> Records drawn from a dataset

=== Section Start ===

lemma connected_graph_delete_simplicial:
  assumes sg: "simple_graph V E" and co: "connected_graph V E"
    and v: "simplicial E v" "E v u"
  shows "connected_graph (V - {v}) (induced_edges E (V - {v}))"
proof -
  let ?R = "induced_edges E (V - {v})"
  note G = simple_graphD[OF sg]
  have nbrs_linked: "?R\<^sup>*\<^sup>* a b" if "E v a" "E v b" for a b
    using nbrs_simplicial_adjacent_in_delete[OF sg v(1) that] by (cases "a = b") auto
  (* Replacing v by u turns walks of G into walks of G - v, as the neighbours of v form a clique. *)
  define bypass where "bypass z = (if z = v then u else z)" for z
  have edge: "?R\<^sup>*\<^sup>* (bypass a) (bypass b)" if "E a b" for a b
    using that nbrs_linked[of u b] nbrs_linked[of a u] r_into_rtranclp[of ?R a b] v(2) G(2-5)
    by (cases "a = v"; cases "b = v") (auto simp: bypass_def induced_edges_def)
  have walk: "?R\<^sup>*\<^sup>* (bypass x) (bypass y)" if "E\<^sup>*\<^sup>* x y" for x y
    using that by (induction rule: rtranclp_induct) (auto intro: rtranclp_trans edge)
  have "?R\<^sup>*\<^sup>* x y" if "x \<in> V - {v}" "y \<in> V - {v}" for x y
  proof -
    have "E\<^sup>*\<^sup>* x y"
      using that co unfolding connected_graph_def by blast
    then show ?thesis
      using walk[of x y] that unfolding bypass_def by simp
  qed
  moreover have "u \<in> V - {v}"
    using G(3,5) v(2) by blast
  ultimately show ?thesis
    unfolding connected_graph_def by blast
qed

definition nbhd :: "('a \<Rightarrow> 'a \<Rightarrow> bool) \<Rightarrow> 'a set \<Rightarrow> 'a set" where
  "nbhd E C = {s. s \<notin> C \<and> (\<exists>c\<in>C. E s c)}"
(* Let $n>m\ge1$, $T\ge1$, $0<\gamma<1$, $x_0,\dots,x_T\in\mathbb{R}^m$, let $\sigma:\mathbb{R}\to[-1,1]$ be continuously differentiable (applied componentwise), and let $H\in\mathbb{R}^{m\times n}$ be the projection onto the first $m$ coordinates. Fix a policy $\pi_i=(F_i,G_i)$ and let $\Delta\pi=-\nabla_\pi J'_{\pi_i}(\pi)\big|_{\pi=\pi_i}$, where $J'_{\pi_i}(\pi)=c(\mathbf{U}_{\pi_i})+\gamma J^{\pi_i}(S_\pi\mathbf{U}_{\pi_i})$. If $\Delta\pi\neq 0$, then there exists $\alpha_0>0$ such that for all $0<\alpha\le\alpha_0$, $$J^{\pi_i+\alpha\Delta\pi}(\mathbf{U}_{\pi_i})<J^{\pi_i}(\mathbf{U}_{\pi_i}).$$
   Context: A policy is a pair $\pi=(F,G)$ with $F\in\mathbb{R}^{n\times n}$, $G\in\mathbb{R}^{n\times(m+1)}$, identified with a vector in $\mathbb{R}^{n(n+m+1)}$ (so sums, scalar multiples and gradients with respect to $\pi$ are taken componentwise). A state is a sequence $\mathbf{U}=(u_0,u_1,\dots,u_T)$ with $u_t\in\mathbb{R}^n$. For $x\in\mathbb{R}^m$, $[x;1]\in\mathbb{R}^{m+1}$ is $x$ with a $1$ appended. Define $S_\pi\mathbf{U}=(u'_0,\dots,u'_T)$ by $u'_0=0$ and $u'_{t+1}=\sigma(Fu_t+G[x_t;1])$ for $0\le t<T$. Let $\mathbf{U}_\pi=(u_0,\dots,u_T)$ be the network trajectory $u_0=0$, $u_{t+1}=\sigma(Fu_t+G[x_t;1])$ for $0\le t<T$. The immediate cost is $c(\mathbf{U})=\sum_{t=1}^T\|Hu_t-x_t\|^2$ (Euclidean norm), and the discounted cost of state $\mathbf{U}$ under policy $\pi$ is $J^\pi(\mathbf{U})=\sum_{k=0}^\infty\gamma^k c(S_\pi^k\mathbf{U})$. *)

theory Defs
  imports "HOL-Analysis.Analysis"
begin

text \<open>State space R^n is modelled as real^('m + 'k) (n = m + k, k >= 1, so n > m >= 1);
  the first m coordinates are the indices Inl i. A policy is a pair (F, G) with
  F :: real^'n^'n and G :: real^('m + unit)^'n (an n x (m+1) matrix), a Euclidean vector
  with the componentwise (Frobenius) inner product.\<close>

definition aug :: "real^'m::finite \<Rightarrow> real^('m + unit)" where
  "aug v = (\<chi> j. case j of Inl i \<Rightarrow> v $ i | Inr _ \<Rightarrow> 1)"

definition sigv :: "(real \<Rightarrow> real) \<Rightarrow> real^'n::finite \<Rightarrow> real^'n" where
  "sigv \<sigma> v = (\<chi> j. \<sigma> (v $ j))"

definition Hproj :: "real^('m::finite + 'k::finite) \<Rightarrow> real^'m" where
  "Hproj u = (\<chi> i. u $ Inl i)"

text \<open>S_pi U; a state is a sequence t \<mapsto> u_t of which only t = 0..T matters
  (entries beyond T are normalised to 0).\<close>
definition Sop :: "(real \<Rightarrow> real) \<Rightarrow> (nat \<Rightarrow> real^'m) \<Rightarrow> nat
    \<Rightarrow> (real^'n^'n) \<times> (real^('m + unit)^'n) \<Rightarrow> (nat \<Rightarrow> real^'n) \<Rightarrow> (nat \<Rightarrow> real^'n)" where
  "Sop \<sigma> x T \<pi> U = (\<lambda>t. if t = 0 \<or> T < t then 0
      else sigv \<sigma> (fst \<pi> *v U (t - 1) + snd \<pi> *v aug (x (t - 1))))"

fun traj :: "(real \<Rightarrow> real) \<Rightarrow> (nat \<Rightarrow> real^'m) \<Rightarrow> nat
    \<Rightarrow> (real^'n^'n) \<times> (real^('m + unit)^'n) \<Rightarrow> nat \<Rightarrow> real^'n" where
  "traj \<sigma> x T \<pi> 0 = 0"
| "traj \<sigma> x T \<pi> (Suc t) = (if Suc t \<le> T then
      sigv \<sigma> (fst \<pi> *v traj \<sigma> x T \<pi> t + snd \<pi> *v aug (x t)) else 0)"

definition cost :: "(nat \<Rightarrow> real^'m::finite) \<Rightarrow> nat \<Rightarrow> (nat \<Rightarrow> real^('m + 'k::finite)) \<Rightarrow> real" where
  "cost x T U = (\<Sum>t = 1..T. (norm (Hproj (U t) - x t))\<^sup>2)"

definition Jc :: "(real \<Rightarrow> real) \<Rightarrow> (nat \<Rightarrow> real^'m::finite) \<Rightarrow> nat \<Rightarrow> real
    \<Rightarrow> (real^('m + 'k::finite)^('m + 'k)) \<times> (real^('m + unit)^('m + 'k))
    \<Rightarrow> (nat \<Rightarrow> real^('m + 'k::finite)) \<Rightarrow> real" where
  "Jc \<sigma> x T \<gamma> \<pi> U = (\<Sum>k. \<gamma> ^ k * cost x T ((Sop \<sigma> x T \<pi> ^^ k) U))"

end

theory Submission
  imports Defs
begin

text \<open>Write \<open>\<pi>(a) = \<pi>\<^sub>i + a \<Delta>\<pi>\<close>, let \<open>U\<close> be the trajectory of \<open>\<pi>\<^sub>i\<close>, and let
  \<open>G(a, b) = J(\<pi>(a), S(\<pi>(b), U))\<close>, where \<open>J(\<pi>, V)\<close> is the discounted cost of \<open>V\<close> under \<open>\<pi>\<close>.
  Since \<open>U\<close> is a fixed point of \<open>S(\<pi>\<^sub>i, -)\<close>, the cost of the updated policy is \<open>G(a, 0)\<close>,
  and the Bellman equation gives \<open>G(a, 0) = c(U) + \<gamma> G(a, a)\<close>. Differentiating at \<open>0\<close> yields
  \<open>\<partial>\<^sub>1G = \<gamma> (\<partial>\<^sub>1G + \<partial>\<^sub>2G)\<close>, and \<open>\<gamma> \<partial>\<^sub>2G\<close> is the derivative of \<open>J'\<^sub>\<pi>\<^sub>i\<close> along \<open>\<Delta>\<pi>\<close>,
  namely \<open>-\<parallel>\<Delta>\<pi>\<parallel>\<^sup>2\<close>; hence \<open>(1 - \<gamma>) \<partial>\<^sub>1G < 0\<close>.
  \<open>G\<close> is differentiable because \<open>S(\<pi>, -)\<^sup>k V\<close> is the trajectory of \<open>\<pi>\<close> for every \<open>k > T\<close>, so
  the discounted cost is a finite sum of smooth terms plus a geometric tail.\<close>

lemma traj_eq_0: "T < t \<Longrightarrow> traj \<sigma> x T \<pi> t = 0"
  by (cases t) auto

=== Section End ===

> What you have to do
Retype only the lines above between the line with "then show ?thesis" and the line with "s \<notin> C", counting those two lines as well, and keep every character as it is.

> Solution
    then show ?thesis
      using walk[of x y] that unfolding bypass_def by simp
  qed
  moreover have "u \<in> V - {v}"
    using G(3,5) v(2) by blast
  ultimately show ?thesis
    unfolding connected_graph_def by blast
qed

definition nbhd :: "('a \<Rightarrow> 'a \<Rightarrow> bool) \<Rightarrow> 'a set \<Rightarrow> 'a set" where
  "nbhd E C = {s. s \<notin> C \<and> (\<exists>c\<in>C. E s c)}"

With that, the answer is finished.